(* Assume the setting described in the context, and let $m=l+(k-1)d\in\{1,\dots,d(p+q)\}$ with $k\in\{1,\dots,p+q\}$ and $l\in\{1,\dots,d\}$. For every $z\in B(1,\delta_0)$ there exist $x_1^\pm(z),\dots,x_{p+q}^\pm(z)\in\mathbb C$ such that $$L_m^\pm(z)=\begin{pmatrix}x_1^\pm(z)\mathbf l_l^\pm\\ \vdots\\ x_{p+q}^\pm(z)\mathbf l_l^\pm\end{pmatrix},$$ and moreover $x_1^\pm(z)=\lambda_{l,q}^\pm\,(\zeta_m^\pm)'(z)$ for all $z\in B(1,\delta_0)$.
   Context: Let $d,p,q\ge1$. Let $\mathbf r_1^\pm,\dots,\mathbf r_d^\pm$ be a basis of $\mathbb C^d$ (eigenvectors of $df(u^\pm)$), $\mathbf P^\pm=(\mathbf r_1^\pm|\dots|\mathbf r_d^\pm)$ and $(\mathbf l_1^\pm|\dots|\mathbf l_d^\pm)^T=(\mathbf P^\pm)^{-1}$. Let $A_k^\pm\in\mathcal M_d(\mathbb C)$, $k=-p,\dots,q$, satisfy $(\mathbf P^\pm)^{-1}A_k^\pm\mathbf P^\pm=\mathrm{diag}(\lambda_{1,k}^\pm,\dots,\lambda_{d,k}^\pm)$, with $A^\pm_{-p},A^\pm_q$ invertible, and let $\mathcal F_l^\pm(\kappa)=\sum_{k=-p}^q\lambda_{l,k}^\pm\kappa^k$. Assume $\mathcal F_l^\pm(1)=1$ and that $\mathcal F_l^\pm(\kappa)=1$ has $p+q$ distinct nonzero roots for each $l$. Let $\delta_0>0$ be such that for each $l$ these roots extend to holomorphic functions $\zeta_{l+(k-1)d}^\pm$, $k=1,\dots,p+q$, on $B(1,\delta_0)$ with $\mathcal F_l^\pm(\zeta_{l+(k-1)d}^\pm(z))=z$ and the $\zeta^\pm_{l+(k-1)d}(z)$, $k=1,\dots,p+q$, pairwise distinct for each $z$. Define $R_m^\pm(z)=(\zeta_m^\pm(z)^{q-1}\mathbf r_l^\pm,\dots,\zeta_m^\pm(z)^{-p}\mathbf r_l^\pm)^T\in\mathbb C^{d(p+q)}$ for $m=l+(k-1)d$, $N^{\pm,\infty}(z)=(R_1^\pm(z)|\dots|R^\pm_{d(p+q)}(z))$ (invertible), and $L_1^\pm(z),\dots,L_{d(p+q)}^\pm(z)$ by $(L_1^\pm(z)|\dots|L_{d(p+q)}^\pm(z))^T=N^{\pm,\infty}(z)^{-1}$ (the dual basis). *)

theory Defs
  imports "HOL-Analysis.Analysis" "Jordan_Normal_Form.Matrix"
begin

definition symF :: "nat \<Rightarrow> nat \<Rightarrow> (nat \<Rightarrow> int \<Rightarrow> complex) \<Rightarrow> nat \<Rightarrow> complex \<Rightarrow> complex" where
  "symF p q lam l \<kappa> = (\<Sum>k\<in>{- int p..int q}. lam l k * power_int \<kappa> k)"

text \<open>The matrix N^infinity(z) of size d(p+q): column m (0-based, m = l + k d with l < d)
  is R_m(z) = (zeta_m^(q-1) r_l, ..., zeta_m^(-p) r_l); its row index j*d+i (j < p+q, i < d)
  carries zeta_m(z)^(q-1-j) times the i-th entry of r_l = column l of P.\<close>
definition Ninf :: "nat \<Rightarrow> nat \<Rightarrow> nat \<Rightarrow> complex mat \<Rightarrow> (nat \<Rightarrow> complex \<Rightarrow> complex) \<Rightarrow> complex \<Rightarrow> complex mat" where
  "Ninf d p q P \<zeta> z = mat (d * (p + q)) (d * (p + q))
     (\<lambda>(a, b). power_int (\<zeta> b z) (int q - 1 - int (a div d)) * P $$ (a mod d, b mod d))"

end

theory Submission
  imports Defs "HOL-Computational_Algebra.Polynomial"
begin

(* Dividing the Laurent polynomial F_l(kappa) - z by kappa - zeta_m(z)
   leaves G(kappa) = sum_j g_j kappa^(q-1-j) with leading coefficient g_0 = lambda_{l,q}.
   The row vector (g_j l_l)_j pairs with the column R_b of N^infinity(z) to give G(zeta_b(z)) when
   b lies in block l and 0 otherwise; as the zeta_b(z) of block l other than zeta_m(z) are the
   remaining roots of F_l = z, only b = m survives, so this row vector is G(zeta_m(z)) L_m(z).
   Differentiating (zeta_m(w) - zeta_m(z)) G(zeta_m(w)) = w - z at w = z gives
   zeta_m'(z) G(zeta_m(z)) = 1, hence L_m(z) = zeta_m'(z) (g_j l_l)_j. *)

lemma sum_lessThan_mult_blocks:
  fixes f :: "nat \<Rightarrow> 'a::comm_monoid_add"
  shows "sum f {..<d * N} = (\<Sum>j<N. \<Sum>i<d. f (j * d + i))"
proof -
  have "sum f {j * d..<j * d + d} = (\<Sum>i<d. f (j * d + i))" for j
    using sum.shift_bounds_nat_ivl[of f 0 "j * d" d]
    by (simp add: atLeast0LessThan add.commute)
  then show ?thesis
    by (simp add: sum.nat_group[symmetric] mult.commute[of d N])
qed

lemma block_index_less:
  fixes i j :: nat
  assumes "j < N" "i < d"
  shows "j * d + i < d * N"
proof -
  have "j * d + i < Suc j * d"
    using assms(2) by simp
  also have "\<dots> \<le> d * N"
    using mult_le_mono1[OF Suc_leI[OF assms(1)], of d] by (simp add: mult.commute)
  finally show ?thesis .
qed

lemma power_eq_power_mult_power_int:
  fixes \<kappa> :: "'a::division_ring"
  assumes "\<kappa> \<noteq> 0" "int i = int p + e"
  shows "\<kappa> ^ i = \<kappa> ^ p * power_int \<kappa> e"
proof -
  have "\<kappa> ^ i = power_int \<kappa> (int p + e)"
    by (metis assms(2) power_int_of_nat)
  then show ?thesis
    using assms(1) by (simp add: power_int_add)
qed

lemma poly_sum_monom_shift:
  fixes c :: "int \<Rightarrow> 'a::field"
  assumes "\<kappa> \<noteq> 0"
  shows "poly (\<Sum>n\<in>{- int p..int q}. monom (c n) (nat (n + int p))) \<kappa>
           = \<kappa> ^ p * (\<Sum>n\<in>{- int p..int q}. c n * power_int \<kappa> n)"
proof -
  have "poly (\<Sum>n\<in>{- int p..int q}. monom (c n) (nat (n + int p))) \<kappa>
          = (\<Sum>n\<in>{- int p..int q}. c n * \<kappa> ^ nat (n + int p))"
    by (simp add: poly_sum poly_monom)
  also have "\<dots> = \<kappa> ^ p * (\<Sum>n\<in>{- int p..int q}. c n * power_int \<kappa> n)"
    unfolding sum_distrib_left
    by (intro sum.cong refl) (simp add: power_eq_power_mult_power_int[OF assms])
  finally show ?thesis .
qed

lemma poly_eq_power_mult_laurent_sum:
  fixes R :: "'a::field poly"
  assumes "degree R < p + q" "\<kappa> \<noteq> 0"
  shows "poly R \<kappa> = \<kappa> ^ p * (\<Sum>j<p + q. coeff R (p + q - 1 - j) * power_int \<kappa> (int q - 1 - int j))"
proof -
  have "poly R \<kappa> = (\<Sum>i<p + q. coeff R i * \<kappa> ^ i)"
    unfolding poly_altdef
    by (rule sum.mono_neutral_left) (use assms(1) in \<open>auto simp: coeff_eq_0\<close>)
  also have "\<dots> = (\<Sum>j<p + q. coeff R (p + q - 1 - j) * \<kappa> ^ (p + q - 1 - j))"
    by (subst sum.nat_diff_reindex[symmetric]) simp
  also have "\<dots> = \<kappa> ^ p * (\<Sum>j<p + q. coeff R (p + q - 1 - j) * power_int \<kappa> (int q - 1 - int j))"
    unfolding sum_distrib_left
    by (intro sum.cong refl) (simp add: power_eq_power_mult_power_int[OF assms(2)])
  finally show ?thesis .
qed

lemma quotient_by_linear_factor:
  fixes R :: "'a::idom poly"
  assumes "degree ([:- \<zeta>, 1:] * R) \<le> n" "n \<ge> 1"
  shows "degree R < n" "coeff R (n - 1) = coeff ([:- \<zeta>, 1:] * R) n"
proof -
  show "degree R < n"
  proof (cases "R = 0")
    case False
    then have "degree ([:- \<zeta>, 1:] * R) = degree R + 1"
      by (subst degree_mult_eq) auto
    with assms(1) show ?thesis by simp
  qed (use assms(2) in simp)
  moreover have "coeff ([:- \<zeta>, 1:] * R) (Suc (n - 1)) = - \<zeta> * coeff R (Suc (n - 1)) + coeff R (n - 1)"
    by simp
  ultimately show "coeff R (n - 1) = coeff ([:- \<zeta>, 1:] * R) n"
    using assms(2) by (simp add: coeff_eq_0)
qed

lemma laurent_sum_factor_root:
  fixes c :: "int \<Rightarrow> 'a::field"
  assumes "q \<ge> 1" "\<zeta> \<noteq> 0" "(\<Sum>n\<in>{- int p..int q}. c n * power_int \<zeta> n) = z"
  obtains g where "g 0 = c (int q)"
    "\<And>\<kappa>. \<kappa> \<noteq> 0 \<Longrightarrow> (\<Sum>n\<in>{- int p..int q}. c n * power_int \<kappa> n) - z
                   = (\<kappa> - \<zeta>) * (\<Sum>j<p + q. g j * power_int \<kappa> (int q - 1 - int j))"
proof -
  define Q where "Q = (\<Sum>n\<in>{- int p..int q}. monom (c n) (nat (n + int p))) - monom z p"
  have poly_Q: "poly Q \<kappa> = \<kappa> ^ p * ((\<Sum>n\<in>{- int p..int q}. c n * power_int \<kappa> n) - z)"
    if "\<kappa> \<noteq> 0" for \<kappa>
    using poly_sum_monom_shift[OF that] by (simp add: Q_def poly_monom right_diff_distrib)
  have coeff_Q: "coeff Q i = (\<Sum>n\<in>{- int p..int q}. if nat (n + int p) = i then c n else 0)
                             - (if p = i then z else 0)" for i
    by (simp add: Q_def coeff_sum)
  have deg_Q: "degree Q \<le> p + q"
    by (rule degree_le) (auto simp: coeff_Q intro!: sum.neutral)
  have lead_Q: "coeff Q (p + q) = c (int q)"
  proof -
    have "coeff Q (p + q) = (\<Sum>n\<in>{- int p..int q}. if nat (n + int p) = p + q then c n else 0)"
      unfolding coeff_Q using assms(1) by simp
    also have "\<dots> = (\<Sum>n\<in>{- int p..int q}. if n = int q then c n else 0)"
      by (rule sum.cong) auto
    finally show ?thesis by simp
  qed
  have "poly Q \<zeta> = 0"
    using poly_Q[OF assms(2)] assms(3) by simp
  then obtain R where Q_R: "Q = [:- \<zeta>, 1:] * R"
    by (metis dvdE poly_eq_0_iff_dvd)
  have deg_R: "degree R < p + q" and coeff_R: "coeff R (p + q - 1) = c (int q)"
    using quotient_by_linear_factor[of \<zeta> R "p + q"] deg_Q lead_Q assms(1) by (simp_all add: Q_R)
  show ?thesis
  proof
    show "coeff R (p + q - 1 - 0) = c (int q)"
      using coeff_R by simp
  next
    fix \<kappa> :: 'a assume "\<kappa> \<noteq> 0"
    have "\<kappa> ^ p * ((\<Sum>n\<in>{- int p..int q}. c n * power_int \<kappa> n) - z) = (\<kappa> - \<zeta>) * poly R \<kappa>"
      using poly_Q[OF \<open>\<kappa> \<noteq> 0\<close>] by (simp add: Q_R algebra_simps)
    also have "\<dots> = \<kappa> ^ p * ((\<kappa> - \<zeta>) *
                       (\<Sum>j<p + q. coeff R (p + q - 1 - j) * power_int \<kappa> (int q - 1 - int j)))"
      using poly_eq_power_mult_laurent_sum[OF deg_R \<open>\<kappa> \<noteq> 0\<close>] by simp
    finally show "(\<Sum>n\<in>{- int p..int q}. c n * power_int \<kappa> n) - z
        = (\<kappa> - \<zeta>) * (\<Sum>j<p + q. coeff R (p + q - 1 - j) * power_int \<kappa> (int q - 1 - int j))"
      using \<open>\<kappa> \<noteq> 0\<close> by simp
  qed
qed

lemma has_field_derivative_cofactor_eq_1:
  fixes f H :: "'a::real_normed_field \<Rightarrow> 'a"
  assumes f': "(f has_field_derivative D) (at z)" and H: "isCont H z"
    and factor: "\<forall>\<^sub>F w in at z. (f w - f z) * H w = w - z"
  shows "D * H z = 1"
proof -
  have "((\<lambda>w. (f w - f z) / (w - z) * H w) \<longlongrightarrow> D * H z) (at z)"
    using f' H by (intro tendsto_mult) (auto simp: has_field_derivative_iff isCont_def)
  moreover have "\<forall>\<^sub>F w in at z. (f w - f z) / (w - z) * H w = 1"
    using factor eventually_neq_at_within[of z z UNIV]
    by eventually_elim (simp add: field_simps)
  ultimately have "((\<lambda>w. 1) \<longlongrightarrow> D * H z) (at z)"
    by (rule Lim_transform_eventually)
  then have "1 = D * H z"
    by (rule tendsto_unique[OF at_neq_bot tendsto_const])
  then show ?thesis
    by simp
qed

### What you have to do
How many lines in the entries contain the string "infinity"? Answer with the number only.

### Reply to the exercise
2